*TASK STATEMENT*. Filter the lines below, copying only those with the string "under".

*INPUT FOR THIS TASK*.
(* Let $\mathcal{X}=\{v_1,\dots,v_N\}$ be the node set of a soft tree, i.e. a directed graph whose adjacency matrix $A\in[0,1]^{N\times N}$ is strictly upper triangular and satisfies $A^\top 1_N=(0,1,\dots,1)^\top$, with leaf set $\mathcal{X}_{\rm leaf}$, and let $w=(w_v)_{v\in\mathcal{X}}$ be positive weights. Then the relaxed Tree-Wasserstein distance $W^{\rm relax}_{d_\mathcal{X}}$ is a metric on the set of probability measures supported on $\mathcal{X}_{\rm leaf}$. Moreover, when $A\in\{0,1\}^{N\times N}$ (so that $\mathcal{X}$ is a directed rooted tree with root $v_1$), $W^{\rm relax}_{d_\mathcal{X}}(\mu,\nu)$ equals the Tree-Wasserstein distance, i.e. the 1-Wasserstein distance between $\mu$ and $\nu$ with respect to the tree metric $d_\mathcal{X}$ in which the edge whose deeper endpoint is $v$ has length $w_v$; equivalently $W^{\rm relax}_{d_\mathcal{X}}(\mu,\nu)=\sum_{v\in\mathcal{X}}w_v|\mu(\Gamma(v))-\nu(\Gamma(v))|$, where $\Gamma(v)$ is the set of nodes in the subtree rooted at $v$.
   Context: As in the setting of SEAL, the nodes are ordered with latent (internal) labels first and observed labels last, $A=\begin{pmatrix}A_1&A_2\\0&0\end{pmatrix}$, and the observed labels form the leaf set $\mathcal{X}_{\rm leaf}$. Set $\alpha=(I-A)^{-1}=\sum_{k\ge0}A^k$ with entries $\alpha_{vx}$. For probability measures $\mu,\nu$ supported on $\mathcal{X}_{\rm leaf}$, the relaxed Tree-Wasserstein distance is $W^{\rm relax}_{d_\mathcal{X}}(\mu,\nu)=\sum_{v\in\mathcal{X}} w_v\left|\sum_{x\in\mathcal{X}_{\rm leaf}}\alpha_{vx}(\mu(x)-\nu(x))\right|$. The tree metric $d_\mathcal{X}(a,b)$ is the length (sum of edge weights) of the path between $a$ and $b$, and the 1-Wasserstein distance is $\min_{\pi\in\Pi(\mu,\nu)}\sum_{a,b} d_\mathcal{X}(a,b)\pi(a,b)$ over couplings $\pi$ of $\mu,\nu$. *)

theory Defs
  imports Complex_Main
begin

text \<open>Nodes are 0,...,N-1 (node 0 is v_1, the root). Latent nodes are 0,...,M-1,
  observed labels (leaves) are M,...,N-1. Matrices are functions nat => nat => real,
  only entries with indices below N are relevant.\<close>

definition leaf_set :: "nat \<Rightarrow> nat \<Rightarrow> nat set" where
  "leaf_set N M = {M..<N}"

--

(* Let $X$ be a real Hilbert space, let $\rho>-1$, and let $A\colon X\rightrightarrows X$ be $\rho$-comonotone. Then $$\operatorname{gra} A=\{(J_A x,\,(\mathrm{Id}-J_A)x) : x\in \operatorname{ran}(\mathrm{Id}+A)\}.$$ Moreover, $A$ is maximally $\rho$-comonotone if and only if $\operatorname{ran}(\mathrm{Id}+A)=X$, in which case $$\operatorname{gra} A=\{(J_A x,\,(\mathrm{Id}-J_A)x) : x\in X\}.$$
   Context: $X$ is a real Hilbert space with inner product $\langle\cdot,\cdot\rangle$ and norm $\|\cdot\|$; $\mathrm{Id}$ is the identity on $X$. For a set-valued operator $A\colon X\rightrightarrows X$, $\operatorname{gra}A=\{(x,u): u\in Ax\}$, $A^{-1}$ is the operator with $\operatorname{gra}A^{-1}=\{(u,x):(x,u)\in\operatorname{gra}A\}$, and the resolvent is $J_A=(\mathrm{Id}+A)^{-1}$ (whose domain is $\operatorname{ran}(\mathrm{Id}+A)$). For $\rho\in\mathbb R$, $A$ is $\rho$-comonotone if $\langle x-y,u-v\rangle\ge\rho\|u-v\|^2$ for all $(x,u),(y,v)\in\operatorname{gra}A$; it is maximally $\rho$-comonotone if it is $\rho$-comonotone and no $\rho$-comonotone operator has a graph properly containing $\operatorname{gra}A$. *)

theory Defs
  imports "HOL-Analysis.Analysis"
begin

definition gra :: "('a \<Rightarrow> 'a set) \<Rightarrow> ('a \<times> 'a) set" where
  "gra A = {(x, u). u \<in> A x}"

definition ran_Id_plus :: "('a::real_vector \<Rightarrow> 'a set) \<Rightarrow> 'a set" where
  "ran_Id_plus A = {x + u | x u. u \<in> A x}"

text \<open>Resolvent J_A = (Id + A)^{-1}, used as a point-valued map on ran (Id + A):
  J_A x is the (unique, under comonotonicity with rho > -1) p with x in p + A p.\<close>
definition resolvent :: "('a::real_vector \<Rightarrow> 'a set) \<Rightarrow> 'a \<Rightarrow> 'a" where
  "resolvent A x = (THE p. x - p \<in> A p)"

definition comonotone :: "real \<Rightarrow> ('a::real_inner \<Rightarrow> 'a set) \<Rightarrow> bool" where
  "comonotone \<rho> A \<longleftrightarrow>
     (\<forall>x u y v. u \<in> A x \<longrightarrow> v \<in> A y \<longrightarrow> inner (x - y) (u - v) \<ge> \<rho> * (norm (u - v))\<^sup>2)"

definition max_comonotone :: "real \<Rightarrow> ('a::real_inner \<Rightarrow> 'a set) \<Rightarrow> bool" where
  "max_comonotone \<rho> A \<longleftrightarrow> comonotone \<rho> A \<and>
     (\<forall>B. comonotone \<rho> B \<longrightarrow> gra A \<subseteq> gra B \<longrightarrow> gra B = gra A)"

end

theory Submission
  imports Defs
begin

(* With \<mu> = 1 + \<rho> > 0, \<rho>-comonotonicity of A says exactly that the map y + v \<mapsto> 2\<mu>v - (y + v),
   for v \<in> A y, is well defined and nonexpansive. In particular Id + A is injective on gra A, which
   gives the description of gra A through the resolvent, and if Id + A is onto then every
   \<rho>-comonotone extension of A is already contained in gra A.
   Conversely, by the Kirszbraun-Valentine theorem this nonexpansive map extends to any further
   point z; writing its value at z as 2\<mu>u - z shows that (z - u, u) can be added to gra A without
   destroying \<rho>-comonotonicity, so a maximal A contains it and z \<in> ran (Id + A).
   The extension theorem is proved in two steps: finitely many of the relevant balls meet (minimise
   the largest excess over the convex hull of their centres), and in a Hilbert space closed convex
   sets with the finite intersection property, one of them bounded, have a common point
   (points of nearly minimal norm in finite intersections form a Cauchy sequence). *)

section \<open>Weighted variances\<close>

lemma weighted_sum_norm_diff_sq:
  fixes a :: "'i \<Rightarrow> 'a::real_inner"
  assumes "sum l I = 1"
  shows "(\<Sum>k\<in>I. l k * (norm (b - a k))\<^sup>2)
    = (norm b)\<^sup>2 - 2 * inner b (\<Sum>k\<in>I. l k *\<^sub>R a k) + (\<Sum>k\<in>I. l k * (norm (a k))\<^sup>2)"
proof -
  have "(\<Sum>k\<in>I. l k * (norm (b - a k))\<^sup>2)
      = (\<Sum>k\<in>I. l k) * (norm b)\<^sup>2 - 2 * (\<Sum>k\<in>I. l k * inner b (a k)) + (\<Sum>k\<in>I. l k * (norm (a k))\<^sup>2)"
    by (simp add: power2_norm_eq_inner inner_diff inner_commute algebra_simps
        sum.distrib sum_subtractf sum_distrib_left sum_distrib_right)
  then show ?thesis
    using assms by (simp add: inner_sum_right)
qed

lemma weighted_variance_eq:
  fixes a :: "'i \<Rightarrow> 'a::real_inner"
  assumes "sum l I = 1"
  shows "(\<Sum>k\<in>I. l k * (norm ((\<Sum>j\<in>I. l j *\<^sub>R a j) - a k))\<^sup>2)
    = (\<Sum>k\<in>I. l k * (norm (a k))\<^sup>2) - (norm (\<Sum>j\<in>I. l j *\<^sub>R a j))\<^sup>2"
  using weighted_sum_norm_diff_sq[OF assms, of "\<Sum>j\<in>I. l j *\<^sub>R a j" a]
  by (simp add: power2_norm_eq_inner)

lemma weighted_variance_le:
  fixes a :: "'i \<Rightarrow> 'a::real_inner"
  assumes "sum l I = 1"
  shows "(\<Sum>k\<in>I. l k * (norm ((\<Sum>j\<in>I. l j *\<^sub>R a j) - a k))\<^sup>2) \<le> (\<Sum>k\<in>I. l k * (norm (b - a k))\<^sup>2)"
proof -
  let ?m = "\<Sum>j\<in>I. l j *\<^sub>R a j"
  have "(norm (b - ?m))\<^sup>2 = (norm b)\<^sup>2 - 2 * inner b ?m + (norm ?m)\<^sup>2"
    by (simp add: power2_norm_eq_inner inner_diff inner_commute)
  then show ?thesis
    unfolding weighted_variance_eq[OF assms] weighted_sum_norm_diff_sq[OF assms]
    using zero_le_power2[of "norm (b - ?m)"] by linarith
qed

* * *

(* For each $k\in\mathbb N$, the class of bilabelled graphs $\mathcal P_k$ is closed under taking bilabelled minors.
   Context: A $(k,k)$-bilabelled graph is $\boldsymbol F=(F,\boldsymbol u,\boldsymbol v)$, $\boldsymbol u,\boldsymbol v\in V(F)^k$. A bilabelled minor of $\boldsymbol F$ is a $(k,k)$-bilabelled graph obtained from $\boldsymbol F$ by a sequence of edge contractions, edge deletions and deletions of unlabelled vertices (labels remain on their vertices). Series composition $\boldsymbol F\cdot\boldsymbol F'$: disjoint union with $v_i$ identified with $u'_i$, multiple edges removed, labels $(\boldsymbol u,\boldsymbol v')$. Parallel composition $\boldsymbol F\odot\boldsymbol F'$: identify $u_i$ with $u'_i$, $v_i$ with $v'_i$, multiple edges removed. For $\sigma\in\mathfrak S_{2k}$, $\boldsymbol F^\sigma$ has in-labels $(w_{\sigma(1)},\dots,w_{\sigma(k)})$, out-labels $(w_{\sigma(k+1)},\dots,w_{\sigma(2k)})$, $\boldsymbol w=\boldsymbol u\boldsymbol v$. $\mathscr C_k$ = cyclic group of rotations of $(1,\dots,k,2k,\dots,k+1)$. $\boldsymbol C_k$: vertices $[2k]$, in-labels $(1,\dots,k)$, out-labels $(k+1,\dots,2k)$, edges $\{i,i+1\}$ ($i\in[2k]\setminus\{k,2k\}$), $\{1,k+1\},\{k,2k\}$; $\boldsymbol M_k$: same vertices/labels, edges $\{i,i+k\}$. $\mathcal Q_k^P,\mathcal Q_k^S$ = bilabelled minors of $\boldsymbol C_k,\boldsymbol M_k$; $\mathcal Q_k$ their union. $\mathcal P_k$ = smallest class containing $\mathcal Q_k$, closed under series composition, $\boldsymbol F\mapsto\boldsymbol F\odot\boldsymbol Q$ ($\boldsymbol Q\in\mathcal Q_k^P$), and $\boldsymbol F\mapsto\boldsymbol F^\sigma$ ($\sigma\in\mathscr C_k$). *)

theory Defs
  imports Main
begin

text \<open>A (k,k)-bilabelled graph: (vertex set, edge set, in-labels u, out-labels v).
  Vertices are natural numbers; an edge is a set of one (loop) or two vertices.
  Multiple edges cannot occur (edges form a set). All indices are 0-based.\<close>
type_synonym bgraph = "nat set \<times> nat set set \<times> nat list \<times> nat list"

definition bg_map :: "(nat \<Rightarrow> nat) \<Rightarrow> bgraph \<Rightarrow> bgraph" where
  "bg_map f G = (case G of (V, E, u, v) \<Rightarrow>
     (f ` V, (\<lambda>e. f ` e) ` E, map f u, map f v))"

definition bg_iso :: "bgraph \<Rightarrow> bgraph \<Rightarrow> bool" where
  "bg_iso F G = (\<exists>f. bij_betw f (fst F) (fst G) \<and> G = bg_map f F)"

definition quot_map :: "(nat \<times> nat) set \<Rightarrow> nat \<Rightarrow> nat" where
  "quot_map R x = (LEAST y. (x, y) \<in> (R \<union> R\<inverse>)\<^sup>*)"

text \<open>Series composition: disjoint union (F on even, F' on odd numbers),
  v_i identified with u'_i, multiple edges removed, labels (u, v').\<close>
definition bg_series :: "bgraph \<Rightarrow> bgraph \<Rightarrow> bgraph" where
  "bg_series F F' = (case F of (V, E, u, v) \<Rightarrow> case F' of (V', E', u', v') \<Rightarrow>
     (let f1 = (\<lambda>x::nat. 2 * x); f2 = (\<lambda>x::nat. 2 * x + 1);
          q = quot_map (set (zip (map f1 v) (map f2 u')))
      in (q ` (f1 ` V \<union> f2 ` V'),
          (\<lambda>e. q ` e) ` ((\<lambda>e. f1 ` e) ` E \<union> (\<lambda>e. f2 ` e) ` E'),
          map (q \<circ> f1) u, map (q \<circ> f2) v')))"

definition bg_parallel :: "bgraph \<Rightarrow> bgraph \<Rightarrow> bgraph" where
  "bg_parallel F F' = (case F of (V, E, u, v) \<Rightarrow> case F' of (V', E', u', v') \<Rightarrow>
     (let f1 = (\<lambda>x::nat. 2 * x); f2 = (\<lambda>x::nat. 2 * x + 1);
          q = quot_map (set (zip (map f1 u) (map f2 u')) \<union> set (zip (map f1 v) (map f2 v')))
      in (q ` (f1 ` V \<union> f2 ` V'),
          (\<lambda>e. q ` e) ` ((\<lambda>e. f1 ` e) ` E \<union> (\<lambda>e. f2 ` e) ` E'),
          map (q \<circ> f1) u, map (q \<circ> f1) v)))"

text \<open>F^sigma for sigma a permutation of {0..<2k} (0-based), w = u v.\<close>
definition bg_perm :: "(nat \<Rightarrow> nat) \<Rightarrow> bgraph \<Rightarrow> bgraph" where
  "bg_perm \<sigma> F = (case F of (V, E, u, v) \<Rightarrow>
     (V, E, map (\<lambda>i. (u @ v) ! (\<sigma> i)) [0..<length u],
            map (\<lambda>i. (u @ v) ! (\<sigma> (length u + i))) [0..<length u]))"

*EXERCISE SOLUTION*.
  J_A x is the (unique, under comonotonicity with rho > -1) p with x in p + A p.\<close>
(* For each $k\in\mathbb N$, the class of bilabelled graphs $\mathcal P_k$ is closed under taking bilabelled minors.
   Context: A $(k,k)$-bilabelled graph is $\boldsymbol F=(F,\boldsymbol u,\boldsymbol v)$, $\boldsymbol u,\boldsymbol v\in V(F)^k$. A bilabelled minor of $\boldsymbol F$ is a $(k,k)$-bilabelled graph obtained from $\boldsymbol F$ by a sequence of edge contractions, edge deletions and deletions of unlabelled vertices (labels remain on their vertices). Series composition $\boldsymbol F\cdot\boldsymbol F'$: disjoint union with $v_i$ identified with $u'_i$, multiple edges removed, labels $(\boldsymbol u,\boldsymbol v')$. Parallel composition $\boldsymbol F\odot\boldsymbol F'$: identify $u_i$ with $u'_i$, $v_i$ with $v'_i$, multiple edges removed. For $\sigma\in\mathfrak S_{2k}$, $\boldsymbol F^\sigma$ has in-labels $(w_{\sigma(1)},\dots,w_{\sigma(k)})$, out-labels $(w_{\sigma(k+1)},\dots,w_{\sigma(2k)})$, $\boldsymbol w=\boldsymbol u\boldsymbol v$. $\mathscr C_k$ = cyclic group of rotations of $(1,\dots,k,2k,\dots,k+1)$. $\boldsymbol C_k$: vertices $[2k]$, in-labels $(1,\dots,k)$, out-labels $(k+1,\dots,2k)$, edges $\{i,i+1\}$ ($i\in[2k]\setminus\{k,2k\}$), $\{1,k+1\},\{k,2k\}$; $\boldsymbol M_k$: same vertices/labels, edges $\{i,i+k\}$. $\mathcal Q_k^P,\mathcal Q_k^S$ = bilabelled minors of $\boldsymbol C_k,\boldsymbol M_k$; $\mathcal Q_k$ their union. $\mathcal P_k$ = smallest class containing $\mathcal Q_k$, closed under series composition, $\boldsymbol F\mapsto\boldsymbol F\odot\boldsymbol Q$ ($\boldsymbol Q\in\mathcal Q_k^P$), and $\boldsymbol F\mapsto\boldsymbol F^\sigma$ ($\sigma\in\mathscr C_k$). *)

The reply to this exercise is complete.